◆ **Exercise prompt**: Repeat the lines from the line with "transpose_mat (A *" to the line with "(THE B. is_pinv" in the listing below, keeping both end lines and adding nothing.

Start of Extracted material

(* Let $K=2m+1$ with $m\ge 3$ and suppose $t=KM/N=K-2$. Then the D2D coded caching rate $R=N/M-1$ is achievable with subpacketization $F=K(K-2)$.
   Context: D2D coded caching setting: there are $N\ge 1$ files $W_1,\dots,W_N$ and $K\ge 2$ users, each with a cache of size $M$ files, $0<M\le N$, and $t:=KM/N$ is assumed to be a positive integer. A D2D coded caching scheme with (uncoded placement and) subpacketization $F\in\mathbb{N}_+$ is defined as follows. Fix a packet size $b\ge 1$; each file is a sequence of $F$ packets $W_n=(W_n^{(1)},\dots,W_n^{(F)})$, $W_n^{(j)}\in\{0,1\}^b$. Placement: each user $k\in[K]$ stores the packets $\{W_n^{(j)}:(n,j)\in Z_k\}$ for a fixed index set $Z_k\subseteq[N]\times[F]$ with $|Z_k|\le MF$ (independent of demands and file contents). Delivery: for every demand vector $\mathbf d=(d_1,\dots,d_K)\in[N]^K$, each user $k$ broadcasts to all other users $\ell_k(\mathbf d)\in\mathbb{N}$ blocks in $\{0,1\}^b$, each a deterministic function of the packets stored by user $k$; it is required that for all file contents each user $k$ can recover all $F$ packets of $W_{d_k}$ from its stored packets and the blocks sent by the other users. The rate is $R=\max_{\mathbf d}\frac{1}{F}\sum_{k=1}^K\ell_k(\mathbf d)$ (transmitted bits normalized by the file size $Fb$). The rate $R$ is achievable with subpacketization $F$ if such a scheme with rate $R$ exists for every packet size $b\ge 1$. *)

theory Defs
  imports Complex_Main "HOL-Library.FuncSet"
begin

text \<open>Files are indexed by n in {1..N}, packets by j in {1..F}, users by k in {1..K}.
  A file library W maps (n, j) to a packet (a bit string, bool list).\<close>

definition valid_files :: "nat \<Rightarrow> nat \<Rightarrow> nat \<Rightarrow> (nat \<Rightarrow> nat \<Rightarrow> bool list) \<Rightarrow> bool" where
  "valid_files N F b W \<longleftrightarrow> (\<forall>n\<in>{1..N}. \<forall>j\<in>{1..F}. length (W n j) = b)"
(* Let $X\in\mathbb{R}^{m\times n}$, $\lambda>0$, and let $f:\mathbb{R}^{m\times n}\to\mathbb{R}$ be an arbitrary function. Consider the original R-PCA problem $$\min_{A,E\in\mathbb{R}^{m\times n}} \operatorname{rank}(A)+\lambda f(E)\quad\text{s.t.}\quad X=A+E, \tag{P}$$ and the original R-LRR problem $$\min_{Z\in\mathbb{R}^{n\times n},\,E\in\mathbb{R}^{m\times n}} \operatorname{rank}(Z)+\lambda f(E)\quad\text{s.t.}\quad X-E=(X-E)Z. \tag{Q}$$ (i) Let $(A^*,E^* )$ be any minimizer of (P) and let $A^*=U_{A^*}\Sigma_{A^*}V_{A^*}^T$ be its skinny SVD. Then for every matrix $S\in\mathbb{R}^{n\times \operatorname{rank}(A^* )}$ with $V_{A^*}^TS=0$, the pair $\big((A^* )^\dagger A^*+SV_{A^*}^T,\;E^*\big)$ is an optimal solution of (Q). (ii) Conversely, if $(Z^*,E^* )$ is an optimal solution of (Q), then $(X-E^*,E^* )$ is a minimizer of (P).
   Context: $M^\dagger$ denotes the Moore–Penrose pseudo-inverse of $M$. The skinny SVD of a matrix $A$ of rank $r$ is $A=U_A\Sigma_AV_A^T$ with $U_A,V_A$ having $r$ orthonormal columns and $\Sigma_A$ an $r\times r$ diagonal matrix with positive diagonal entries. *)

theory Defs
  imports "Jordan_Normal_Form.DL_Rank"
begin

definition mrank :: "real mat \<Rightarrow> nat" where
  "mrank A = vec_space.rank (dim_row A) A"

definition is_pinv :: "real mat \<Rightarrow> real mat \<Rightarrow> bool" where
  "is_pinv A B \<longleftrightarrow> B \<in> carrier_mat (dim_col A) (dim_row A) \<and>
     A * B * A = A \<and> B * A * B = B \<and>
     transpose_mat (A * B) = A * B \<and> transpose_mat (B * A) = B * A"

definition pinv :: "real mat \<Rightarrow> real mat" where
  "pinv A = (THE B. is_pinv A B)"

definition skinny_svd :: "nat \<Rightarrow> nat \<Rightarrow> real mat \<Rightarrow> real mat \<Rightarrow> real mat \<Rightarrow> real mat \<Rightarrow> bool" where
  "skinny_svd m n A U Sg V \<longleftrightarrow> (let r = mrank A in
     U \<in> carrier_mat m r \<and> Sg \<in> carrier_mat r r \<and> V \<in> carrier_mat n r \<and>
     transpose_mat U * U = 1\<^sub>m r \<and> transpose_mat V * V = 1\<^sub>m r \<and>
     (\<forall>i<r. \<forall>j<r. i \<noteq> j \<longrightarrow> Sg $$ (i, j) = 0) \<and> (\<forall>i<r. Sg $$ (i, i) > 0) \<and>
     A = U * Sg * transpose_mat V)"

definition rpca_feasible :: "nat \<Rightarrow> nat \<Rightarrow> real mat \<Rightarrow> real mat \<Rightarrow> real mat \<Rightarrow> bool" where
  "rpca_feasible m n X A E \<longleftrightarrow> A \<in> carrier_mat m n \<and> E \<in> carrier_mat m n \<and> X = A + E"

End of Extracted material

◆ **Exercise solution**:
     transpose_mat (A * B) = A * B \<and> transpose_mat (B * A) = B * A"

definition pinv :: "real mat \<Rightarrow> real mat" where
  "pinv A = (THE B. is_pinv A B)"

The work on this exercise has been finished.